The Morning: Inconvenient facts
Plus, the National Guard, air-conditioning and Cristiano Ronaldo.
The Morning
August 13, 2025

Good morning. Here’s the latest:

  • National Guard: Troops began to deploy in Washington, D.C., as part of President Trump’s plan to crack down on crime there.
  • Museums: The White House said it would review exhibitions at the Smithsonian Institution. It said the museums would have 120 days to replace “divisive or ideologically driven language.”
  • Economy: A key inflation measure rose in July as businesses grappled with tariffs.

More news is below. But first, a look at how the Trump administration deals with unfavorable data.

President Trump holding a large chart with job numbers.
In the Oval Office. Haiyun Jiang/The New York Times

Truth hurts

Author Headshot

By Evan Gorelick

I’m a writer for The Morning.

The Bureau of Labor Statistics, an obscure economic arm of the federal government, is getting a new leader. Trump has nominated an economist from the conservative Heritage Foundation to replace the bureau’s chief, whom he fired after a less-than-stellar jobs report.
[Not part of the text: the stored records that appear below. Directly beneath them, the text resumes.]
(* Write g(x) = x F(x) with F(x) = F(c,d;c+d;x), and x = logistic u = e^u/(1+e^u).  The function
   G(u) = log g(logistic u) has derivative H(logistic u), where H(x) = (1-x)(F + x F')/F; since the
   logistic map is an increasing bijection of the line onto (0,1), G is concave iff H decreases on
   (0,1).  Put s = c + d and p = c d, so 1/c + 1/d >= 1 means p <= s.

   In the locale
   zero_balanced the hypergeometric series is studied through its coefficients: convergence,
   term-by-term derivatives, Gauss' differential equation, and for p <= s the bounds 1-x < H <= 1.
   From the differential equation H satisfies x(1-x)H' = R(x,H) with a quadratic R; a barrier
   argument on the curve R = 0 gives H' <= 0 when p <= s, while H'(0) = p/s - 1 > 0 when p > s. *)

text \<open>A differentiable function on the real line is concave iff its derivative is
  nonincreasing (one direction by tangent lines, the other by the mean value theorem).\<close>

lemma concave_on_UNIV_iff_deriv_antimono:
  fixes f f' :: "real \<Rightarrow> real"
  assumes f': "\<And>x. (f has_real_derivative f' x) (at x)"
  shows "concave_on UNIV f \<longleftrightarrow> (\<forall>x y. x \<le> y \<longrightarrow> f' y \<le> f' x)"
proof
  assume "concave_on UNIV f"
  then have conv: "convex_on UNIV (\<lambda>x. - f x)" by (simp add: concave_on_def)
  have tangent: "- f y + f x \<ge> - f' x * (y - x)" for x y
    using convex_on_imp_above_tangent[OF conv, of x y "- f' x"] f' by (auto intro: DERIV_minus)
  show "\<forall>x y. x \<le> y \<longrightarrow> f' y \<le> f' x"
  proof (intro allI impI)
    fix x y :: real assume "x \<le> y"
    have "(y - x) * (f' y - f' x) \<le> 0"
      using tangent[of x y] tangent[of y x] by (simp add: algebra_simps)
    then show "f' y \<le> f' x" using \<open>x \<le> y\<close> by (cases "x = y") (auto simp: mult_le_0_iff)
  qed
next
  assume "\<forall>x y. x \<le> y \<longrightarrow> f' y \<le> f' x"
  then have "convex_on UNIV (\<lambda>x. - f x)"
    by (intro convex_on_realI[where f' = "\<lambda>x. - f' x"]) (auto intro: DERIV_minus f')
  then show "concave_on UNIV f" by (simp add: concave_on_def)
qed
It’s hard to get bad news — so the administration is trying not to. When the Bureau of Labor Statistics said that hiring this year was more sluggish than it had previously reported (revisions like that are normal), the president said without evidence that the new figures were “rigged” to make him look bad. Economists across the political spectrum worry that his nominee will proffer friendlier data.
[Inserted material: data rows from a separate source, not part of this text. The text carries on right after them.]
lemma binary_assoc_super_assoc_coeff:
  assumes "binary_assoc_super c"
  shows "assoc_coeff c i j k m = - ((-1) ^ (deg j * deg k)) * assoc_coeff c i k j m"
    and "assoc_coeff c i j k m = - ((-1) ^ (deg i * deg j)) * assoc_coeff c j i k m"
proof -
  have "deg l < 2" for l by (simp add: deg_def)
  then have "sassoc c (axis i 1) (axis j 1) (axis k 1) =
      (- ((-1) ^ (deg j * deg k))) *s sassoc c (axis i 1) (axis k 1) (axis j 1) \<and>
    sassoc c (axis i 1) (axis j 1) (axis k 1) =
      (- ((-1) ^ (deg i * deg j))) *s sassoc c (axis j 1) (axis i 1) (axis k 1)"
    using assms homog_axis unfolding binary_assoc_super_def by blast
  then show "assoc_coeff c i j k m = - ((-1) ^ (deg j * deg k)) * assoc_coeff c i k j m"
    and "assoc_coeff c i j k m = - ((-1) ^ (deg i * deg j)) * assoc_coeff c j i k m"
    by (metis sassoc_axis vector_smult_component)+
qed

lemma binary_assoc_super_two_even:
  assumes "binary_assoc_super c"
  shows "assoc_coeff c 0 0 j m = 0" and "assoc_coeff c j 0 0 m = 0" and "assoc_coeff c 0 j 0 m = 0"
proof -
  note rel = binary_assoc_super_assoc_coeff[OF assms]
  show 1: "assoc_coeff c 0 0 j m = 0"
    using rel(2)[of 0 0 j m] by (simp add: eq_neg_iff_add_eq_0 flip: mult_2)
  show "assoc_coeff c j 0 0 m = 0"
    using rel(1)[of j 0 0 m] by (simp add: eq_neg_iff_add_eq_0 flip: mult_2)
  show "assoc_coeff c 0 j 0 m = 0"
    using rel(1)[of 0 j 0 m] 1 by simp
qed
Trump has previously canned scientists, closed databases and otherwise fettered the delivery of inconvenient facts. Today’s newsletter is about the administration’s efforts, across the government, to throw out troublesome data and silence the people who gather it.

No thanks

Expertise and data can pose problems for any president’s agenda, but Trump has done more than his predecessors to erase the inconvenient facts.

  • Climate science. In the name of deregulation, the Trump administration rejected the scientific consensus that greenhouse gases threaten public health. Trump’s budget eliminates funding for a Hawaii lab that has collected climate data for 70 years. The administration is shuttering the E.P.A.’s scientific research arm. It also retired an extreme-weather project that tracked the costs of natural disasters and said it would stop updating a database that companies use to calculate their emissions.
  • The census. Trump has ordered a new population count that excludes illegal immigrants; his allies hope it will lift their allotment of seats in Congress. It may not have that result — and Trump may not have the authority to call a mid-decade recount — but the census affects federal funding and tells us who we are as a nation. The administration also ended several Census Bureau surveys, disbanded expert advisory committees and pushed out 1,300 employees.
  • Gender and D.E.I. The government scrubbed more than 8,000 web pages after Trump signed executive orders targeting diversity initiatives and what he calls “gender ideology.” In one instance, the administration tried to delete a federal database that included information on whether teens identified as transgender. When a court required that the government keep it online, the C.D.C. added a note: “This page does not reflect biological reality and therefore the Administration and this Department rejects it.”

Be quiet

The president also seems not to like the bearers of bad news. He has intimidated some officials and sacked others. In addition to the Bureau of Labor Statistics, the Trump administration has targeted:

  • Inspectors general. The president has fired or demoted more than 20 people in independent offices responsible for making sure the government works properly. The remaining employees told Luke Broadwater, one of our White House correspondents, that they are now reluctant to pursue investigations that could elicit political blowback.
  • The Fed. Trump has repeatedly threatened to oust Jerome Powell, chair of the Federal Reserve, for refusing to lower interest rates. The independence of central bankers is protected by law, and White House meddling can boost inflation and hurt growth in the long run, writes Colby Smith, who covers the Fed.
  • Health officials. Trump’s health secretary, Robert F. Kennedy Jr., fired all 17 experts from the C.D.C.’s vaccine advisory committee. They held that vaccines, including Covid shots, were safe and effective. Kennedy disagrees.
  • Courts. Judges are supposed to interpret laws impartially, away from political pressures. But Trump has attacked judges who have scuttled his agenda. Last month, the Justice Department filed a misconduct complaint against one who ruled against Trump’s deportation plans.

The payoff

Now there are fewer people in a position to challenge the White House. Trump has fired Justice Department lawyers whom he found too deferential to court orders. He has also axed Democratic members of independent bodies like the Federal Trade Commission and the Consumer Product Safety Commission. He filled top posts in the F.B.I. and the Pentagon with MAGA stalwarts who screen for loyalty within their agencies.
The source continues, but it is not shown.